"Stoney End" is a song written by Laura Nyro and released in February 1967 on her debut album More Than a New Discovery. According to childhood friend Alan Merrill, Nyro originally intended the song, a gospel-inflected uptempo piece, to be performed at a slower pace. The best known recording of Nyro's album version of the song was a hit for Barbra Streisand in 1970. 

Streisand recorded "Stoney End" as the title track of her twelfth studio album. Members of the group Fanny provided backing vocals. The song reached number six on the US Billboard Hot 100 in early 1971 and became Streisand's second Top 10 hit. It also reached number two on the US Adult Contemporary chart. In Canada it peaked at number five.

Chart performance

Weekly charts

Year-end charts

Other versions

 The Stone Poneys, which featured Linda Ronstadt, recorded a country-ish style version of "Stoney End" for their album Linda Ronstadt, Stone Poneys and Friends, Vol. III in 1968. Stoney End song was later included in the 1972 "Stoney End (Stone Poneys album)" compilation of their previously published folk rock music.

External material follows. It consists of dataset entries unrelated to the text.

abbreviation xor_diff_diag :: "nat \<Rightarrow> nat \<Rightarrow> nat" where
  "xor_diff_diag k p \<equiv> xor_diff_count k p p 0"

lemma xor_diff_count_le_diag:
  "k \<ge> 1 \<Longrightarrow> xor_diff_count k p q d \<le> xor_diff_diag k p"
  unfolding xor_diff_count_def by (intro sum_mono xor_diff_row_le_diag) simp_all

lemma xor_diff_count_eq_0:
  "k \<ge> 1 \<Longrightarrow> odd (d - int p - int q) \<Longrightarrow> xor_diff_count k p q d = 0"
  unfolding xor_diff_count_def by (simp add: xor_diff_row_eq_0)

lemma xor_diff_count_reflect:
  "q \<le> 2 ^ k \<Longrightarrow> xor_diff_count k p (2 ^ k - q) (- d) = xor_diff_count k p q d"
  unfolding xor_diff_count_def by (intro sum.cong) (simp_all add: xor_diff_row_reflect)

lemma xor_diff_diag_Suc:
  "xor_diff_diag (Suc k) p = (\<Sum>x0<2.
     xor_diff_count k ((x0 + p) div 2) (p div 2) 0 + xor_diff_count k ((x0 + p) div 2) (p div 2 + p mod 2) 0)"
proof -
  have "xor_diff_row (Suc k) p p 0 (2 * x + x0) =
      xor_diff_row k ((x0 + p) div 2) (p div 2) 0 x + xor_diff_row k ((x0 + p) div 2) (p div 2 + p mod 2) 0 x"
    if "x0 < 2" for x x0
    using that by (simp add: xor_diff_row_Suc_diag)
  then show ?thesis
    unfolding xor_diff_count_def sum_lessThan_pow2_Suc by (simp add: sum.distrib)
qed

lemma xor_diff_diag_Suc_even: "xor_diff_diag (Suc k) (2 * h) = 4 * xor_diff_diag k h"
  unfolding xor_diff_diag_Suc sum_lessThan_2 by simp

lemma xor_diff_diag_Suc_odd:
  "k \<ge> 1 \<Longrightarrow> xor_diff_diag (Suc k) (2 * h + 1) = xor_diff_diag k h + xor_diff_diag k (h + 1)"
  unfolding xor_diff_diag_Suc sum_lessThan_2 by (simp add: xor_diff_count_eq_0)

lemma xor_diff_diag_1: "xor_diff_diag 1 p = 4"
  using xor_diff_diag_Suc[of 0 p] by (simp add: sum_lessThan_2 xor_diff_count_def xor_diff_row_0)

lemma xor_diff_diag_ratio:
  assumes "k \<ge> 1"
  shows "xor_diff_diag k (h + 1) \<le> 3 * xor_diff_diag k h \<and>
    xor_diff_diag k h \<le> 3 * xor_diff_diag k (h + 1)"
  using assms
proof (induction k arbitrary: h rule: nat_induct_at_least)
  case base
  then show ?case by (simp add: xor_diff_diag_1[unfolded One_nat_def])
next
  case (Suc k)
  note even = xor_diff_diag_Suc_even[of k] and odd = xor_diff_diag_Suc_odd[OF Suc.hyps]
  obtain j where j: "h = 2 * j \<or> h = 2 * j + 1" by (metis oddE evenE)
  have IH: "xor_diff_diag k (j + 1) \<le> 3 * xor_diff_diag k j"
    "xor_diff_diag k j \<le> 3 * xor_diff_diag k (j + 1)" using Suc.IH[of j] by auto
  from j show ?case
  proof
    assume h: "h = 2 * j"
    show ?thesis using IH unfolding h even odd by simp
  next
    assume h: "h = 2 * j + 1"
    show ?thesis using IH xor_diff_diag_Suc_even[of k "j + 1"] unfolding h odd by simp
  qed
qed

lemma xor_diff_diag_odd_le:
  assumes "k \<ge> 1"
  shows "xor_diff_diag k (2 * h + 1) \<le> xor_diff_diag k (2 * h)"
    and "xor_diff_diag k (2 * h + 1) \<le> xor_diff_diag k (2 * h + 2)"
proof -
  have "2 * h + 2 = 2 * (h + 1)" by simp
  moreover have "xor_diff_diag k (2 * h + 1) \<le> xor_diff_diag k (2 * h) \<and>
      xor_diff_diag k (2 * h + 1) \<le> xor_diff_diag k (2 * (h + 1))"
  proof (cases "k = 1")
    case True
    then show ?thesis by (simp add: xor_diff_diag_1[unfolded One_nat_def])
  next
    case False
    then obtain j where j: "k = Suc j" "j \<ge> 1" using assms by (cases k) auto
    have "xor_diff_diag j (h + 1) \<le> 3 * xor_diff_diag j h"
      "xor_diff_diag j h \<le> 3 * xor_diff_diag j (h + 1)" using xor_diff_diag_ratio[OF j(2), of h] by auto
    then show ?thesis
      unfolding j(1) xor_diff_diag_Suc_even xor_diff_diag_Suc_odd[OF j(2)] by simp
  qed
  ultimately show "xor_diff_diag k (2 * h + 1) \<le> xor_diff_diag k (2 * h)"
    and "xor_diff_diag k (2 * h + 1) \<le> xor_diff_diag k (2 * h + 2)"
    by simp_all
qed

lemma xor_diff_count_pair_le:
  assumes "k \<ge> 1"
  shows "xor_diff_count k p q d + xor_diff_count k (p + 1) q d \<le>
    max (xor_diff_diag k p) (xor_diff_diag k (p + 1))"
proof (cases "odd (d - int p - int q)")
  case True
  then show ?thesis
    using xor_diff_count_eq_0[OF assms True] xor_diff_count_le_diag[OF assms, of "p + 1"]
    by (simp add: le_max_iff_disj)
next
  case False
  then have "odd (d - int (p + 1) - int q)" by presburger
  then show ?thesis
    using xor_diff_count_eq_0[OF assms] xor_diff_count_le_diag[OF assms, of p]
    by (simp add: le_max_iff_disj)
qed

section \<open>Rotation by n - 1\<close>

lemma rotl_Suc_self: "rotl (Suc m) m v = (v mod 2) * 2 ^ m + v div 2"
proof -
  have "(v * 2 ^ m) mod 2 ^ Suc m = (v mod 2) * 2 ^ m"
    using mod_mult_mult2[of v "2 ^ m" 2] by (simp add: mult.commute)
  then show ?thesis unfolding rotl_def by simp
qed

text \<open>The difference of the high halves forced by an output difference \<open>c < 2 M\<close>, depending on
  whether the rotated-in top bits of the two XOR values differ.\<close>
definition rot_offset :: "nat \<Rightarrow> nat \<Rightarrow> bool \<Rightarrow> int" where
  "rot_offset M c flip = (if flip then int c - int M else if c < M then int c else int c - 2 * int M)"

lemma top_bit_add_mod_iff:
  fixes M V U c v0 u0 :: nat
  assumes "V < M" "U < M" "c < 2 * M" "v0 < 2" "u0 < 2"
  shows "v0 * M + V = (u0 * M + U + c) mod (2 * M) \<longleftrightarrow>
    int V - int U = rot_offset M c (v0 \<noteq> u0)"
proof -
  let ?t = "u0 * M + U + c"
  have "u0 * M \<le> M" using assms by (auto simp: less_2_cases_iff)
  then have "?t < 4 * M" using assms by linarith
  then have "?t mod (2 * M) = (if ?t < 2 * M then ?t else ?t - 2 * M)"
    by (simp add: mod_if le_mod_geq)
  then show ?thesis
    using assms unfolding rot_offset_def less_2_cases_iff by (auto split: if_splits)
qed

lemma XR_shift_iff:
  fixes x y a b c m :: nat
  assumes "x < 2 ^ Suc m" "y < 2 ^ Suc m" "c < 2 ^ Suc m"
  shows "XR (Suc m) m (addm (Suc m) x a) (addm (Suc m) y b) = addm (Suc m) (XR (Suc m) m x y) c \<longleftrightarrow>
    xor_diff m ((x mod 2 + a) div 2) ((y mod 2 + b) div 2) (x div 2) (y div 2) =
      rot_offset (2 ^ m) c (odd (a + b))"
proof -
  define V where
    "V = xor ((x div 2 + (x mod 2 + a) div 2) mod 2 ^ m) ((y div 2 + (y mod 2 + b) div 2) mod 2 ^ m)"
  define U where "U = xor (x div 2) (y div 2)"
  have "V < 2 ^ m" unfolding V_def by (simp add: xor_less_pow2)
  moreover have "U < 2 ^ m"
    using assms unfolding U_def by (simp add: xor_less_pow2 less_mult_imp_div_less)
  moreover have "c < 2 * 2 ^ m" using assms by simp
  moreover have "((x + a + y + b) mod 2 \<noteq> (x + y) mod 2) = odd (a + b)" by presburger
  ultimately have "(x + a + y + b) mod 2 * 2 ^ m + V =
      ((x + y) mod 2 * 2 ^ m + U + c) mod (2 * 2 ^ m) \<longleftrightarrow> int V - int U = rot_offset (2 ^ m) c (odd (a + b))"
    using top_bit_add_mod_iff by simp
  then show ?thesis
    unfolding XR_def addm_def rotl_Suc_self xor_add_mod_pow2_Suc xor_halves[of x y] xor_diff_def
      V_def[symmetric] U_def[symmetric]
    by simp
qed

definition XR_count :: "nat \<Rightarrow> nat \<Rightarrow> nat \<Rightarrow> nat \<Rightarrow> nat" where
  "XR_count m a b c = card {(x, y). x \<in> words (Suc m) \<and> y \<in> words (Suc m) \<and>
     XR (Suc m) m (addm (Suc m) x a) (addm (Suc m) y b) = addm (Suc m) (XR (Suc m) m x y) c}"

lemma card_pairs_eq_sum:
  fixes K :: nat
  shows "card {(x, y). x \<in> {0..<K} \<and> y \<in> {0..<K} \<and> P x y} = (\<Sum>x<K. \<Sum>y<K. of_bool (P x y))"
proof -
  have "{(x, y). x \<in> {0..<K} \<and> y \<in> {0..<K} \<and> P x y} =
      Sigma {..<K} (\<lambda>x. {..<K} \<inter> {y. P x y})"
    by auto
  then show ?thesis by (simp add: card_SigmaI)
qed

lemma XR_count_eq:
  assumes "c < 2 ^ Suc m"
  shows "XR_count m a b c = (\<Sum>x0<2. \<Sum>y0<2.
    xor_diff_count m ((x0 + a) div 2) ((y0 + b) div 2) (rot_offset (2 ^ m) c (odd (a + b))))"
proof -
  let ?D = "rot_offset (2 ^ m) c (odd (a + b))"
  have "XR_count m a b c = (\<Sum>x<2 ^ Suc m. \<Sum>y<2 ^ Suc m.
      of_bool (xor_diff m ((x mod 2 + a) div 2) ((y mod 2 + b) div 2) (x div 2) (y div 2) = ?D))"
    unfolding XR_count_def words_def card_pairs_eq_sum using assms
    by (intro sum.cong refl) (simp add: XR_shift_iff)
  also have "\<dots> = (\<Sum>x0<2. \<Sum>x<2 ^ m. \<Sum>y0<2. \<Sum>y<2 ^ m.
      of_bool (xor_diff m ((x0 + a) div 2) ((y0 + b) div 2) x y = ?D))"
    unfolding sum_lessThan_pow2_Suc by (intro sum.cong refl) (simp add: less_2_cases_iff)
  also have "\<dots> = (\<Sum>x0<2. \<Sum>y0<2. xor_diff_count m ((x0 + a) div 2) ((y0 + b) div 2) ?D)"
    unfolding xor_diff_count_def xor_diff_row_def by (rule sum.cong[OF refl]) (rule sum.swap)
  finally show ?thesis .
qed

lemma Max_pairs_eqI:
  fixes f :: "'a \<Rightarrow> 'b \<Rightarrow> 'c::linorder"
  assumes "finite A" "finite B" "b \<in> A" "c \<in> B"
    and "\<And>\<beta> \<gamma>. \<beta> \<in> A \<Longrightarrow> \<gamma> \<in> B \<Longrightarrow> f \<beta> \<gamma> \<le> f b c"
  shows "Max {f \<beta> \<gamma> | \<beta> \<gamma>. \<beta> \<in> A \<and> \<gamma> \<in> B} = f b c"
proof (rule Max_eqI)
  have "{f \<beta> \<gamma> | \<beta> \<gamma>. \<beta> \<in> A \<and> \<gamma> \<in> B} = case_prod f ` (A \<times> B)" by auto
  then show "finite {f \<beta> \<gamma> | \<beta> \<gamma>. \<beta> \<in> A \<and> \<gamma> \<in> B}" using assms by simp
qed (use assms in auto)

lemma Max_adpXR_eqI:
  assumes "b \<in> words (Suc m)" "c \<in> words (Suc m)"
    and "\<And>\<beta> \<gamma>. \<beta> \<in> words (Suc m) \<Longrightarrow> \<gamma> \<in> words (Suc m) \<Longrightarrow>
      XR_count m a \<beta> \<gamma> \<le> XR_count m a b c"
  shows "Max {adpXR (Suc m) m a \<beta> \<gamma> | \<beta> \<gamma>. \<beta> \<in> words (Suc m) \<and> \<gamma> \<in> words (Suc m)} =
    adpXR (Suc m) m a b c"
proof (rule Max_pairs_eqI)
  fix \<beta> \<gamma> assume "\<beta> \<in> words (Suc m)" "\<gamma> \<in> words (Suc m)"
  then show "adpXR (Suc m) m a \<beta> \<gamma> \<le> adpXR (Suc m) m a b c"
    using assms(3) unfolding adpXR_def adp2_def XR_count_def[symmetric]
    by (simp add: divide_right_mono)
qed (use assms in \<open>simp_all add: words_def\<close>)

lemma XR_count_even_le:
  assumes "m \<ge> 1" "c < 2 ^ Suc m"
  shows "XR_count m (2 * h) b c \<le> 4 * xor_diff_diag m h"
proof -
  have carry: "(x0 + 2 * h) div 2 = h" if "x0 < 2" for x0 :: nat using that by simp
  have "XR_count m (2 * h) b c \<le> (\<Sum>x0<2::nat. \<Sum>y0<2::nat. xor_diff_diag m h)"
    unfolding XR_count_eq[OF assms(2)]
    by (intro sum_mono) (simp add: carry xor_diff_count_le_diag[OF assms(1)])
  then show ?thesis by simp
qed

lemma XR_count_odd_le:
  assumes "m \<ge> 1" "c < 2 ^ Suc m"
  shows "XR_count m (2 * h + 1) b c \<le> 2 * max (xor_diff_diag m h) (xor_diff_diag m (h + 1))"
proof -
  have "XR_count m (2 * h + 1) b c = (\<Sum>y0<2. \<Sum>x0<2. xor_diff_count m
      ((x0 + (2 * h + 1)) div 2) ((y0 + b) div 2) (rot_offset (2 ^ m) c (odd (2 * h + 1 + b))))"
    unfolding XR_count_eq[OF assms(2)] by (rule sum.swap)
  also have "\<dots> \<le> (\<Sum>y0<2::nat. max (xor_diff_diag m h) (xor_diff_diag m (h + 1)))"
    using xor_diff_count_pair_le[OF assms(1), of h] by (intro sum_mono) (simp add: sum_lessThan_2)
  finally show ?thesis by simp
qed

lemma XR_count_even_diag: "XR_count m (2 * h) (2 * h) 0 = 4 * xor_diff_diag m h"
  by (simp add: XR_count_eq sum_lessThan_2 rot_offset_def)

lemma XR_count_01:
  assumes "m \<ge> 1"
  shows "XR_count m (4 * h + 1) (4 * h) (2 ^ m) = 2 * xor_diff_diag m (2 * h)"
proof -
  have "xor_diff_count m (2 * h + 1) (2 * h) 0 = 0"
    using assms by (intro xor_diff_count_eq_0) simp_all
  then show ?thesis by (simp add: XR_count_eq sum_lessThan_2 rot_offset_def)
qed

lemma XR_count_11:
  assumes "m \<ge> 1" "2 * h + 2 \<le> 2 ^ m"
  shows "XR_count m (4 * h + 3) (2 * (2 ^ m - (2 * h + 2))) (2 ^ m) =
    2 * xor_diff_diag m (2 * h + 2)"
proof -
  let ?q = "2 ^ m - (2 * h + 2)"
  have "even ?q" using assms by simp
  then have "xor_diff_count m (2 * h + 1) ?q 0 = 0"
    using assms by (intro xor_diff_count_eq_0) simp_all
  moreover have "xor_diff_count m (2 * h + 2) ?q 0 = xor_diff_diag m (2 * h + 2)"
    using xor_diff_count_reflect[OF assms(2), of "2 * h + 2" 0] by simp
  moreover have "(4 * h + 3) div 2 = 2 * h + 1" "(1 + (4 * h + 3)) div 2 = 2 * h + 2" by simp_all
  ultimately show ?thesis
    by (simp add: XR_count_eq sum_lessThan_2 rot_offset_def)
qed

lemma Max_adpXR_even:
  assumes "m \<ge> 1" "\<alpha> \<in> words m"
  shows "Max {adpXR (Suc m) m (2 * \<alpha>) \<beta> \<gamma> | \<beta> \<gamma>. \<beta> \<in> words (Suc m) \<and> \<gamma> \<in> words (Suc m)} =
    adpXR (Suc m) m (2 * \<alpha>) (2 * \<alpha>) 0"
  using assms XR_count_even_le[OF assms(1)]
  by (intro Max_adpXR_eqI) (simp_all add: words_def XR_count_even_diag)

 Stoney End was also recorded in 1968 by Peggy Lipton. Her recording reached #121 on the U.S. Billboard Bubbling Under the Hot 100 chart.

 The Blossoms, who sang backing vocals on Peggy Lipton's version, first released it in 1967 as the B-side to the "Wonderful" single, and then again in 1969 as an A-side single

 "Stoney End" had previously been performed by The Chicks. It charted in New Zealand, reaching number 21 in January 1970.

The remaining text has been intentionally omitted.